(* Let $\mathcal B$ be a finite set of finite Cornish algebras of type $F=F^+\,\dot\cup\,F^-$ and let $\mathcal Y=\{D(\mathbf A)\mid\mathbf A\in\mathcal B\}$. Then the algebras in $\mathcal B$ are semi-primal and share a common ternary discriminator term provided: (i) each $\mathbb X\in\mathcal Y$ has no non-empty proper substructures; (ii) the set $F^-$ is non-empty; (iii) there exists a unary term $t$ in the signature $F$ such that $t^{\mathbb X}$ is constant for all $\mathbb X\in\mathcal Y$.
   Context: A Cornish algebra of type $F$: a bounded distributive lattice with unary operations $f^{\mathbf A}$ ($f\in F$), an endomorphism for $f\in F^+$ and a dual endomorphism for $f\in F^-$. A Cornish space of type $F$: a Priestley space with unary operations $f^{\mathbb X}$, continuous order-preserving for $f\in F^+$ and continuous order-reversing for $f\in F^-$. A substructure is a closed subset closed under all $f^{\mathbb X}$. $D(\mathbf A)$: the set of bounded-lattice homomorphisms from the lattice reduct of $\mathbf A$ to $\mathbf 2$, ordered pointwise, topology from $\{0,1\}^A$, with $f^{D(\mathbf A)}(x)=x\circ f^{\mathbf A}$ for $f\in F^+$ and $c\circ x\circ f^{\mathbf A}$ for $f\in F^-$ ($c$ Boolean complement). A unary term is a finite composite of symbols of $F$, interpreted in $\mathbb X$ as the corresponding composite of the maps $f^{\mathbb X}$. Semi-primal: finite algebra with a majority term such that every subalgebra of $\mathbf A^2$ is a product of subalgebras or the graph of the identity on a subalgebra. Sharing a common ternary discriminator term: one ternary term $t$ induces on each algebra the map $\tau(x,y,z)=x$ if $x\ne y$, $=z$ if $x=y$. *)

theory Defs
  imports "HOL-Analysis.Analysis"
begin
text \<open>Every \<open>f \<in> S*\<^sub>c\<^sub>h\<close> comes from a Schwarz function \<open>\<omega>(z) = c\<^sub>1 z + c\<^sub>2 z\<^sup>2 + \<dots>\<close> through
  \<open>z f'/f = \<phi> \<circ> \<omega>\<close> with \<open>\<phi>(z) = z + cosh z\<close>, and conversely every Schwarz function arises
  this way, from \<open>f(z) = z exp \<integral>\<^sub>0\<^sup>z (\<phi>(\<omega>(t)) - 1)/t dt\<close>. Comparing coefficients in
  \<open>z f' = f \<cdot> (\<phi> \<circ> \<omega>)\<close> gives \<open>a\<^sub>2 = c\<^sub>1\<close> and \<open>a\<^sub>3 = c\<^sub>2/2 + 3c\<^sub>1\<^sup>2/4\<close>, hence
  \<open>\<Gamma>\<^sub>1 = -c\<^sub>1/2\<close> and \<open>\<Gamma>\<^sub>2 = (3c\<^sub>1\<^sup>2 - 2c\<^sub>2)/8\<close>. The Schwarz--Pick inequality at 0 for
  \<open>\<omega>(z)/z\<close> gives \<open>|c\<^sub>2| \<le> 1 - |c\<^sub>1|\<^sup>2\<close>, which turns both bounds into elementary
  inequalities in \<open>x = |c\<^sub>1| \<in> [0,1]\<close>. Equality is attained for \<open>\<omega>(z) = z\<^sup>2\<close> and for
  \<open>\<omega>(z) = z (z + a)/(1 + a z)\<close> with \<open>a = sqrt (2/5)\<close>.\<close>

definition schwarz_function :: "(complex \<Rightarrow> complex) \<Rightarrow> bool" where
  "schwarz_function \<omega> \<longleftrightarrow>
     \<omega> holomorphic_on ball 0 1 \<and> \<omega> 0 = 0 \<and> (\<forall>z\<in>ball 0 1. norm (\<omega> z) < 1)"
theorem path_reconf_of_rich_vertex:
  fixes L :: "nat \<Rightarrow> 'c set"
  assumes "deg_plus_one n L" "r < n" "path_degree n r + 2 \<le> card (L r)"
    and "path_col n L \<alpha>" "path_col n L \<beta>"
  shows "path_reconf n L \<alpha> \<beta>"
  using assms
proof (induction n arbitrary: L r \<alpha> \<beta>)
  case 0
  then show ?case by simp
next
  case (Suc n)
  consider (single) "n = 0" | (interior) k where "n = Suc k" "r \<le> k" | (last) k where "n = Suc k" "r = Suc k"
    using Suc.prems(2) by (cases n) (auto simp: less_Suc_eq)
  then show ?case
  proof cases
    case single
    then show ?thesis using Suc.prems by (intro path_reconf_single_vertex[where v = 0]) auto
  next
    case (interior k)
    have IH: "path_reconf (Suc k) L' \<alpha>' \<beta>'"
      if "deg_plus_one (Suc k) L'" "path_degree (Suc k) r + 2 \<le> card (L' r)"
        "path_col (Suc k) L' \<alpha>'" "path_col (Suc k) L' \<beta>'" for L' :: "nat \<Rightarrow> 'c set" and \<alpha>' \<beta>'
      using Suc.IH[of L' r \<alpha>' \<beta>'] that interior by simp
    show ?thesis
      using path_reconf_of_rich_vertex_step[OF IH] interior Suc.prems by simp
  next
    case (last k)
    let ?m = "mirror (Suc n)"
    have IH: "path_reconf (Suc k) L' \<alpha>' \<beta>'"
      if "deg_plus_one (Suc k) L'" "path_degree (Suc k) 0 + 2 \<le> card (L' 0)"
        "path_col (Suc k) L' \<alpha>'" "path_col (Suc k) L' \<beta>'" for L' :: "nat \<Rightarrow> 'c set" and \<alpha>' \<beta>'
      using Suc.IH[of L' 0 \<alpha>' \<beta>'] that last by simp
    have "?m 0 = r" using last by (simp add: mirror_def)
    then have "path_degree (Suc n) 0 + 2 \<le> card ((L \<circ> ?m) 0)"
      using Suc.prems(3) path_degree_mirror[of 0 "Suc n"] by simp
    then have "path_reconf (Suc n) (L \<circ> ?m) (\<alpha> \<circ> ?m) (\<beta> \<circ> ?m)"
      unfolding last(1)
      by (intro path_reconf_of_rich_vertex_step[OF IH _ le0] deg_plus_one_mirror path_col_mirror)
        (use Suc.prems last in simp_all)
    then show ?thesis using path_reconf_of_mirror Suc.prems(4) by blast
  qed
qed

PROBLEM TO SOLVE: Take the line containing "using Suc.prems(3) path_degree_mirror[of" as the start and the last line of the data as the end, and reproduce that range exactly.

RESULT FOR THIS EXERCISE:
      using Suc.prems(3) path_degree_mirror[of 0 "Suc n"] by simp
    then have "path_reconf (Suc n) (L \<circ> ?m) (\<alpha> \<circ> ?m) (\<beta> \<circ> ?m)"
      unfolding last(1)
      by (intro path_reconf_of_rich_vertex_step[OF IH _ le0] deg_plus_one_mirror path_col_mirror)
        (use Suc.prems last in simp_all)
    then show ?thesis using path_reconf_of_mirror Suc.prems(4) by blast
  qed
qed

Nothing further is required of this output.